I am glad to hear that using that video you were able to make some progress. I am surprised that you are able to get from 198 to 172 but not able to get from 172 to 198. Perhaps you can give us some details of what you have configured to help us find out what is going on?

HTH

Rick

After getting it to work following the video, I changed the configuration to:

Vlan 1   172.16.1.3   255.255.0.0

Vlan 2   192.168.100.3  255.255.255.0

 

Laptop 1 172.16.1.5  255.255.0.0  gateway 172.16.1.3

Laptop 2  192.168.100.100  255.255.255.0  192.168.100.3

 

Port GE2 is in VLAN2  - laptop 2 is in this port

Port GE1 is in VLAN1 - laptop 1 is in this port

All ports are Access Ports

The only thing i noticed was that when i first configured the layer 3 switch following the cisco video.

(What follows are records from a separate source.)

(* Let $d\ge2$, $R>0$ and let $A\subset\mathbb{R}^d$ be a body. The following are equivalent: (i) $A$ is an $R$-supported body and $\mathrm{Nor}(A,a)\cap S^{d-1}=\mathcal{N}_R(A,a)$ for every $a\in\partial A$; (ii) $\mathrm{reach}(A)\ge R$.
   Context: A body is a nonempty closed subset of $\mathbb{R}^d$; $S^{d-1}$ is the unit sphere; $B(x)=\{y:|y-x|<R\}$. For $a\in\partial A$, $\mathcal{N}_R(A,a)=\{v\in S^{d-1}: A\cap B(a+Rv)=\emptyset\}$; $A$ is $R$-supported if $\mathcal{N}_R(A,a)\ne\emptyset$ for all $a\in\partial A$. Tangent cone: $\mathrm{Tan}(A,q)=\{v: \forall\varepsilon>0\ \exists x\in A,\ |x-q|<\varepsilon,\ \exists r>0,\ |r(x-q)-v|<\varepsilon\}$; normal cone: $\mathrm{Nor}(A,q)=\{u:\langle u,v\rangle\le0\ \forall v\in\mathrm{Tan}(A,q)\}$. $\mathrm{Unp}(A)$ is the set of points with a unique nearest point in $A$; $\mathrm{reach}(A,a)=\sup\{\rho>0: \{x:|x-a|<\rho\}\subset\mathrm{Unp}(A)\}$, $\mathrm{reach}(A)=\inf_{a\in A}\mathrm{reach}(A,a)$. *)

theory Defs
  imports "HOL-Analysis.Analysis"
begin

definition body :: "'a::euclidean_space set \<Rightarrow> bool" where
  "body A \<longleftrightarrow> A \<noteq> {} \<and> closed A"

definition NR :: "real \<Rightarrow> 'a::euclidean_space set \<Rightarrow> 'a \<Rightarrow> 'a set" where
  "NR R A a = {v. norm v = 1 \<and> A \<inter> ball (a + R *\<^sub>R v) R = {}}"

definition R_supported :: "real \<Rightarrow> 'a::euclidean_space set \<Rightarrow> bool" where
  "R_supported R A \<longleftrightarrow> body A \<and> (\<forall>a\<in>frontier A. NR R A a \<noteq> {})"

It automatically made  port GE2 an excluded membership type (clarification on why would be helpful) and all the rest remained untagged. So now with my changes, i have no issues pinging from the 192 side to either the switch or laptop on the 172 side.  Going from the 172 side i can ping 192.168.100.3 but not the laptop at 192.168.100.100. The only difference i see from the video and my configuration was that both vlans had the same subnet mask whereas mine are different.